What is being asked -> The entries below contain a stretch that opens with the line containing "real \<Rightarrow> real \<times>" and closes with the line containing "[U (a + 1) - U a, U"; set down that stretch exactly, both ends included, and nothing else.

○ ○ ○ ○

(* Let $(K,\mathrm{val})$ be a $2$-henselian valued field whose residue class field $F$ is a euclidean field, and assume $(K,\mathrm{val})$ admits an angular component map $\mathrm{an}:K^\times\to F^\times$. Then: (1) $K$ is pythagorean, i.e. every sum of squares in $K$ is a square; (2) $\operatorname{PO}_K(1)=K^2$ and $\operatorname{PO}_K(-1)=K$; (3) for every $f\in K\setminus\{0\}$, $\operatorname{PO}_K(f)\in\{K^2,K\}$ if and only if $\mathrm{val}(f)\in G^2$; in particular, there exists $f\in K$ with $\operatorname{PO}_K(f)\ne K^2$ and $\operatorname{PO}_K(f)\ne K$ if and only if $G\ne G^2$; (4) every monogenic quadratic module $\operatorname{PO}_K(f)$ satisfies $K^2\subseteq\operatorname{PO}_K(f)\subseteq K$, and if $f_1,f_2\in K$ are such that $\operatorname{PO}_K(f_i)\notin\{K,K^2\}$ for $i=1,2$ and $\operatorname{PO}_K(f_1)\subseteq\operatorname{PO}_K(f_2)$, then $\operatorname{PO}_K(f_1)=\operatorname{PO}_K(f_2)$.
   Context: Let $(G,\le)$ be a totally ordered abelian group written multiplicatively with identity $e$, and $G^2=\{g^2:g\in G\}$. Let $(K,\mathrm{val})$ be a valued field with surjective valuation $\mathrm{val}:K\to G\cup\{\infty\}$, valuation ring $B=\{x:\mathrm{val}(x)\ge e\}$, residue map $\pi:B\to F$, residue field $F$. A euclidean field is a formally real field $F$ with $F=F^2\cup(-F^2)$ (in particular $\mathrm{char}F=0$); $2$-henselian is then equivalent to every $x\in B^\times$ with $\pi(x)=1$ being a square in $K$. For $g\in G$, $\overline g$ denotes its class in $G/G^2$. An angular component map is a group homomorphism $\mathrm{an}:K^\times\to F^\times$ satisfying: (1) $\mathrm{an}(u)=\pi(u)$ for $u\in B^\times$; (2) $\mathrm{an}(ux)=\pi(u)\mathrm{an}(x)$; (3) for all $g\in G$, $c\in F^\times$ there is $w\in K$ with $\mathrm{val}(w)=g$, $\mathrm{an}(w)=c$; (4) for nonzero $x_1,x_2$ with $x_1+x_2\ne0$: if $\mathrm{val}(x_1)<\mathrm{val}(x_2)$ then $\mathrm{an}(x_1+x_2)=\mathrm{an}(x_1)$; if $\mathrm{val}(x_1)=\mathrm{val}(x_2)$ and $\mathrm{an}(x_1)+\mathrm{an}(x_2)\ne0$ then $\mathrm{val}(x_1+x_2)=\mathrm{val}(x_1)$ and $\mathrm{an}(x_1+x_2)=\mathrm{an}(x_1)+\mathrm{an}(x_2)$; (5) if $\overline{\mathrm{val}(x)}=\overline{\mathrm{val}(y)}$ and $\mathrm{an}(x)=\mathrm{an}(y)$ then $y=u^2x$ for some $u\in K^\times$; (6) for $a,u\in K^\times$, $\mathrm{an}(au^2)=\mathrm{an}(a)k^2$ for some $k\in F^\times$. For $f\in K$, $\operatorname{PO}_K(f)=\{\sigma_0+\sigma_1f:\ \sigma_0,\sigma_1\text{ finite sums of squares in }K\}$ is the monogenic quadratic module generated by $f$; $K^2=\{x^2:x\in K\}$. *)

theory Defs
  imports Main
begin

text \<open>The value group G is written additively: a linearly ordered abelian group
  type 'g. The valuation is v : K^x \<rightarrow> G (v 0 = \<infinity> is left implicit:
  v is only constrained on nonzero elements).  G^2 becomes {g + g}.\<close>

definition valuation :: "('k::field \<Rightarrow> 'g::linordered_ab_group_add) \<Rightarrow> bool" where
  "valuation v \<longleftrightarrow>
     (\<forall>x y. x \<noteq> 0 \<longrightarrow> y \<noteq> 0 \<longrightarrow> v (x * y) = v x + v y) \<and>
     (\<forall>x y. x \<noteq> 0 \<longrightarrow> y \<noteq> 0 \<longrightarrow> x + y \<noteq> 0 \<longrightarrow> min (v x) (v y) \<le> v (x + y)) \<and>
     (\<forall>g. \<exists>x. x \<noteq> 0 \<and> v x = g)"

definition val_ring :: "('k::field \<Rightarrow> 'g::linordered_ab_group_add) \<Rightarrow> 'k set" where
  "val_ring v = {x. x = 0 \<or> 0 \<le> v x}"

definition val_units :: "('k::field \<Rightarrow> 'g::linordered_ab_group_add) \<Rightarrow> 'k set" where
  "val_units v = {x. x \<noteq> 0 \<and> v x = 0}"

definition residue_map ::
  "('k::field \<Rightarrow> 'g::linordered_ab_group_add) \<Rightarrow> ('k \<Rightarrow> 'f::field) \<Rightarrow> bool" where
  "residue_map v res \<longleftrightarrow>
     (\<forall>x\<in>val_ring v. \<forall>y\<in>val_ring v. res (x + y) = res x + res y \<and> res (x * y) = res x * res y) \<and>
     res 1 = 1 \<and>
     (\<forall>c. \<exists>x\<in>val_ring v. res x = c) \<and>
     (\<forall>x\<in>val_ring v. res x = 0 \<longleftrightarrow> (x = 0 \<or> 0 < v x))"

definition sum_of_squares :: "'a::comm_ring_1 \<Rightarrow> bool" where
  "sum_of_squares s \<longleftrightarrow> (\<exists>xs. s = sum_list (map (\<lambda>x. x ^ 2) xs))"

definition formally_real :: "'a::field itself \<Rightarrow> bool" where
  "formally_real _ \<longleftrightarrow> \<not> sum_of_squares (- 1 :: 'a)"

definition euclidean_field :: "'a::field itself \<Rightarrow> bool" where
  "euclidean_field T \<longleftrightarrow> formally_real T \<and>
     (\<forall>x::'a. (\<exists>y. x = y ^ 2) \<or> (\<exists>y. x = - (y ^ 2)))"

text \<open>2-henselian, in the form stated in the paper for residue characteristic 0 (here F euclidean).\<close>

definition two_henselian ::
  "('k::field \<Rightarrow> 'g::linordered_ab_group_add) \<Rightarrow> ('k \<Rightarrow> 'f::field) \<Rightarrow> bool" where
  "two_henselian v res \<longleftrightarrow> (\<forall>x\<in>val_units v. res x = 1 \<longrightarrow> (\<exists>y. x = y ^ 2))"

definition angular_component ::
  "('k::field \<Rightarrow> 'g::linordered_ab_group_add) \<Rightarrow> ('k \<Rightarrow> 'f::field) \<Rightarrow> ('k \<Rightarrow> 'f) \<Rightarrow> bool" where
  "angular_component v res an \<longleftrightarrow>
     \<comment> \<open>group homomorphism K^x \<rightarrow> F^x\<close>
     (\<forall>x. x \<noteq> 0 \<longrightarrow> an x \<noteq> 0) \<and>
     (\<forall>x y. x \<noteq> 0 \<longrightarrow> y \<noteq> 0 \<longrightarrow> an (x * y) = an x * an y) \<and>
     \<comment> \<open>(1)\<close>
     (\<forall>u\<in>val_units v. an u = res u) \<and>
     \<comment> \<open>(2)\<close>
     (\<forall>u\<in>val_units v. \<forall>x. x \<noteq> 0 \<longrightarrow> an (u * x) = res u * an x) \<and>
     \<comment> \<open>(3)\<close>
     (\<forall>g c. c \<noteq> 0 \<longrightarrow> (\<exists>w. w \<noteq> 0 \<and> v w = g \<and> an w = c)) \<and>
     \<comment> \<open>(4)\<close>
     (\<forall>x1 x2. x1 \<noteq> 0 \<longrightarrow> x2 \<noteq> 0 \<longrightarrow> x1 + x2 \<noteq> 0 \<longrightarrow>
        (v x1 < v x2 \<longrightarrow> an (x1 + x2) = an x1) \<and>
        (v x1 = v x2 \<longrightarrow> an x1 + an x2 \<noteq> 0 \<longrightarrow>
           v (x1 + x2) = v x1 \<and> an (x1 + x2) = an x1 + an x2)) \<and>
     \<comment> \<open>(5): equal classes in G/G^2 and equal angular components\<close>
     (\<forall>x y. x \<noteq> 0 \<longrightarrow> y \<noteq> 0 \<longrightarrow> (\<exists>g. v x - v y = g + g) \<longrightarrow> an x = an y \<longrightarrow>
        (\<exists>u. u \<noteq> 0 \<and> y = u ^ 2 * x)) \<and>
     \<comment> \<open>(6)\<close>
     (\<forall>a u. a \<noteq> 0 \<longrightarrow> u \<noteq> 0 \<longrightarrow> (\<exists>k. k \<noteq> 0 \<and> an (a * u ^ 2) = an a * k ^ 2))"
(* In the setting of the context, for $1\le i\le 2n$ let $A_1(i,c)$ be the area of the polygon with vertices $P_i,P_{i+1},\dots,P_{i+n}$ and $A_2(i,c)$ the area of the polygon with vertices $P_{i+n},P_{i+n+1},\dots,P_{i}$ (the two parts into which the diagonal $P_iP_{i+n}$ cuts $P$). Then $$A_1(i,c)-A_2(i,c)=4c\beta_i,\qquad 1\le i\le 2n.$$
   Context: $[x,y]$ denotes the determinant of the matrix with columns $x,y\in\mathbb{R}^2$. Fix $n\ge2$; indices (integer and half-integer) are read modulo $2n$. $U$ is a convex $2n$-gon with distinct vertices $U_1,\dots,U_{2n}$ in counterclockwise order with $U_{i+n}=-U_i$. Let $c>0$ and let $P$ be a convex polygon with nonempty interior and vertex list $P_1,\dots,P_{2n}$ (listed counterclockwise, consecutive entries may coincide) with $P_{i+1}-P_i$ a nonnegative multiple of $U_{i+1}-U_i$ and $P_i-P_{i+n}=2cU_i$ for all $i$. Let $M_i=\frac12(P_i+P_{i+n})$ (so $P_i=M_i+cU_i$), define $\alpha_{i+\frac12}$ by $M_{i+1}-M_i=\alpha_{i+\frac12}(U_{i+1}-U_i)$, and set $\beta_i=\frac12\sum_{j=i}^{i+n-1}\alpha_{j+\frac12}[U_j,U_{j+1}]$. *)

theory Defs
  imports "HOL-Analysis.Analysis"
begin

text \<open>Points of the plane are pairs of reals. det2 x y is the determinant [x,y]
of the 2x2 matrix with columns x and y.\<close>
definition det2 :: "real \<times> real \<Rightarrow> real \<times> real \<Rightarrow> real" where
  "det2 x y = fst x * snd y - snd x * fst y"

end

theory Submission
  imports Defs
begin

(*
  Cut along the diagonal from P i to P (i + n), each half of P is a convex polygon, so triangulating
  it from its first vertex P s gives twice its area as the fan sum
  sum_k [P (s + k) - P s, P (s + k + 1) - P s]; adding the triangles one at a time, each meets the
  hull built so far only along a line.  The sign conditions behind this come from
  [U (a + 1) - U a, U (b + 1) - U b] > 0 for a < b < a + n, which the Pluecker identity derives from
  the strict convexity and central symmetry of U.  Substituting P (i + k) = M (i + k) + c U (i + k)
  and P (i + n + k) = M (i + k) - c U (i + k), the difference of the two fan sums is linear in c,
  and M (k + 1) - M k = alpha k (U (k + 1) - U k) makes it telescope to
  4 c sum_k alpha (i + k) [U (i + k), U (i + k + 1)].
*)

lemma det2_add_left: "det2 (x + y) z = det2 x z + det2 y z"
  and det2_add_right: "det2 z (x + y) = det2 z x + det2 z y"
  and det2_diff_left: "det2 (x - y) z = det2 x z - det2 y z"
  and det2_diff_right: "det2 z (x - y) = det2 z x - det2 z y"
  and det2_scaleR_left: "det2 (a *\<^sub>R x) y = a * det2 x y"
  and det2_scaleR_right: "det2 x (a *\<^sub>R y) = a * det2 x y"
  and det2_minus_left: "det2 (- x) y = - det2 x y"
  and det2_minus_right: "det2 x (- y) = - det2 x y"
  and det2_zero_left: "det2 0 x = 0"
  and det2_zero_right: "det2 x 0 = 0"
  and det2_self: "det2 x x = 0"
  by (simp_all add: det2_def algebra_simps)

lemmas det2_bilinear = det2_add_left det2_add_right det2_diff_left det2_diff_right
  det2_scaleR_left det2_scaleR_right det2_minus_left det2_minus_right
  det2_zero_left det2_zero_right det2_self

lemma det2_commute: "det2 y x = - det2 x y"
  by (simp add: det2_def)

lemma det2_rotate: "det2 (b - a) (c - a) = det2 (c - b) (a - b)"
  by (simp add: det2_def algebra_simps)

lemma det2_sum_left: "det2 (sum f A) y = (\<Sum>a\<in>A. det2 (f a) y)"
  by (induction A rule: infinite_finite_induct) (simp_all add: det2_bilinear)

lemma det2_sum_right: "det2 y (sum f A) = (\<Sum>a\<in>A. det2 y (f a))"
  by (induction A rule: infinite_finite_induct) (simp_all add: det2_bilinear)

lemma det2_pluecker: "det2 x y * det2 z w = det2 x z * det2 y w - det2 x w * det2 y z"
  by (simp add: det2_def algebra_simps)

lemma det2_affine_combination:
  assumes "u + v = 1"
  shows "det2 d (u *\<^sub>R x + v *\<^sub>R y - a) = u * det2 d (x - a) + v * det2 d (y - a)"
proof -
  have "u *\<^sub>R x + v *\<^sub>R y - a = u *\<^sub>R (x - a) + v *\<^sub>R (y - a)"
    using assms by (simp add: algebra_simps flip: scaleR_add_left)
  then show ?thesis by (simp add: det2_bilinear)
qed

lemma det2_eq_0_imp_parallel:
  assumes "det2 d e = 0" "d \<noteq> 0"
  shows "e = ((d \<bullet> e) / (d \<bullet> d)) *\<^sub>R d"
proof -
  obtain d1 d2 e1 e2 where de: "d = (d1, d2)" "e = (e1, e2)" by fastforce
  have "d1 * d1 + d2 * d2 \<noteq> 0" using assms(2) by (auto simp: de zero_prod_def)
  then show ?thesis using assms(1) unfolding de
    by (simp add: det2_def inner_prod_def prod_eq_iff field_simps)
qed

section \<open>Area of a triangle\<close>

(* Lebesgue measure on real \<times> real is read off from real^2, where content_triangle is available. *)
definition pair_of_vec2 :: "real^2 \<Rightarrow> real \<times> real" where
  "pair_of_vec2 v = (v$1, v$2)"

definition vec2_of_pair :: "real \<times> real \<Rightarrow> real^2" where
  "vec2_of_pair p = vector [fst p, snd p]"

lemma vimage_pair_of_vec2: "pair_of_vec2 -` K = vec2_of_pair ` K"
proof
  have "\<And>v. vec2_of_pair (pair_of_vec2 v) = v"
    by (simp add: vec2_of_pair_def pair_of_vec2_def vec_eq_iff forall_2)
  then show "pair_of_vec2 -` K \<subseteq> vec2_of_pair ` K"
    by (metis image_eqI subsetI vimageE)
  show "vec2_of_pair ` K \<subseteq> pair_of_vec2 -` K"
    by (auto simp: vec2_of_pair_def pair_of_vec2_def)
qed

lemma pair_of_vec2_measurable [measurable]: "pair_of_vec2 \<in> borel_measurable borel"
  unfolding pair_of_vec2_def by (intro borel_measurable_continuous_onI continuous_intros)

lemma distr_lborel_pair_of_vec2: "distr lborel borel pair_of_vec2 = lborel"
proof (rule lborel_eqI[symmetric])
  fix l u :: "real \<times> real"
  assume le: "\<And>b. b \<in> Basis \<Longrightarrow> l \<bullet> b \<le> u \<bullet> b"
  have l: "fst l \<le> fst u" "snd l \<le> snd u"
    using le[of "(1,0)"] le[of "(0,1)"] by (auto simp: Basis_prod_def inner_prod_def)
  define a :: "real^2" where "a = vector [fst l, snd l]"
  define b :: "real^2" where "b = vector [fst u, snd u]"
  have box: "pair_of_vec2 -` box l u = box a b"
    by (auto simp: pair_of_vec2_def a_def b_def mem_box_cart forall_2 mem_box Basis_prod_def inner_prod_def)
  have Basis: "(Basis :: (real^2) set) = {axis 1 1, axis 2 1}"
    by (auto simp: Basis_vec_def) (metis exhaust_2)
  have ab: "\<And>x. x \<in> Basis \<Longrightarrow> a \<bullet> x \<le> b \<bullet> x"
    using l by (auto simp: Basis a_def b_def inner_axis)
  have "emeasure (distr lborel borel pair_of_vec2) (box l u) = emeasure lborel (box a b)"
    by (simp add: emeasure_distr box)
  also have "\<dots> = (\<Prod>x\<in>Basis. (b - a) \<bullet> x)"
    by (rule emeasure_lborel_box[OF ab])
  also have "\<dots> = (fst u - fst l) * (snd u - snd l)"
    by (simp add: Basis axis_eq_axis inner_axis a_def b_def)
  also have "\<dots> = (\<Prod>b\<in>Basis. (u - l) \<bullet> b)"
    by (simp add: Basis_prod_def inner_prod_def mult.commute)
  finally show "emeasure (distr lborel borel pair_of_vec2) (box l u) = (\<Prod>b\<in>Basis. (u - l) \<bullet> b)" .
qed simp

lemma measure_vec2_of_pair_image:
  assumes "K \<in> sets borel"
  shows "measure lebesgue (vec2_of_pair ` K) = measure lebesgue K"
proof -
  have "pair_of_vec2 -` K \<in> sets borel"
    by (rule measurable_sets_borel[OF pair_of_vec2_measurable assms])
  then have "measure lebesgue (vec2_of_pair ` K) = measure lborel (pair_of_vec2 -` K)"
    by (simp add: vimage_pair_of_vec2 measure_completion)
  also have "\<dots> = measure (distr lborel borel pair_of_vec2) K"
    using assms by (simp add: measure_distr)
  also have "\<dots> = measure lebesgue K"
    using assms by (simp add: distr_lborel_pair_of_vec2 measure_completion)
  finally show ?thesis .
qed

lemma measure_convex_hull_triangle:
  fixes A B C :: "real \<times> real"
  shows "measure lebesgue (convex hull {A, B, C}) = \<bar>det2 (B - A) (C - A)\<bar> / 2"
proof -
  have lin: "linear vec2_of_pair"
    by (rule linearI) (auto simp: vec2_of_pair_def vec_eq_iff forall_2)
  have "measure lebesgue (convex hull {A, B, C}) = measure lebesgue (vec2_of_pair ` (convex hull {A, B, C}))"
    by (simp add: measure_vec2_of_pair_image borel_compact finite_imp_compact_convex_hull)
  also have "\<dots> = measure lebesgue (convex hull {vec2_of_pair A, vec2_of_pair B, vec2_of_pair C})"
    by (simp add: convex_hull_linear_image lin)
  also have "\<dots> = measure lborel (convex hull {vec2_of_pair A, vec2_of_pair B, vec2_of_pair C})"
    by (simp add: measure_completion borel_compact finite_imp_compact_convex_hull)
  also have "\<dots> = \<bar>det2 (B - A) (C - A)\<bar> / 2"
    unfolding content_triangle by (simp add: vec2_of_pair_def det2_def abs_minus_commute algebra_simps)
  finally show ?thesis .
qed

○ ○ ○ ○

Task result ->
definition det2 :: "real \<times> real \<Rightarrow> real \<times> real \<Rightarrow> real" where
  "det2 x y = fst x * snd y - snd x * fst y"

end

theory Submission
  imports Defs
begin

(*
  Cut along the diagonal from P i to P (i + n), each half of P is a convex polygon, so triangulating
  it from its first vertex P s gives twice its area as the fan sum
  sum_k [P (s + k) - P s, P (s + k + 1) - P s]; adding the triangles one at a time, each meets the
  hull built so far only along a line.  The sign conditions behind this come from
  [U (a + 1) - U a, U (b + 1) - U b] > 0 for a < b < a + n, which the Pluecker identity derives from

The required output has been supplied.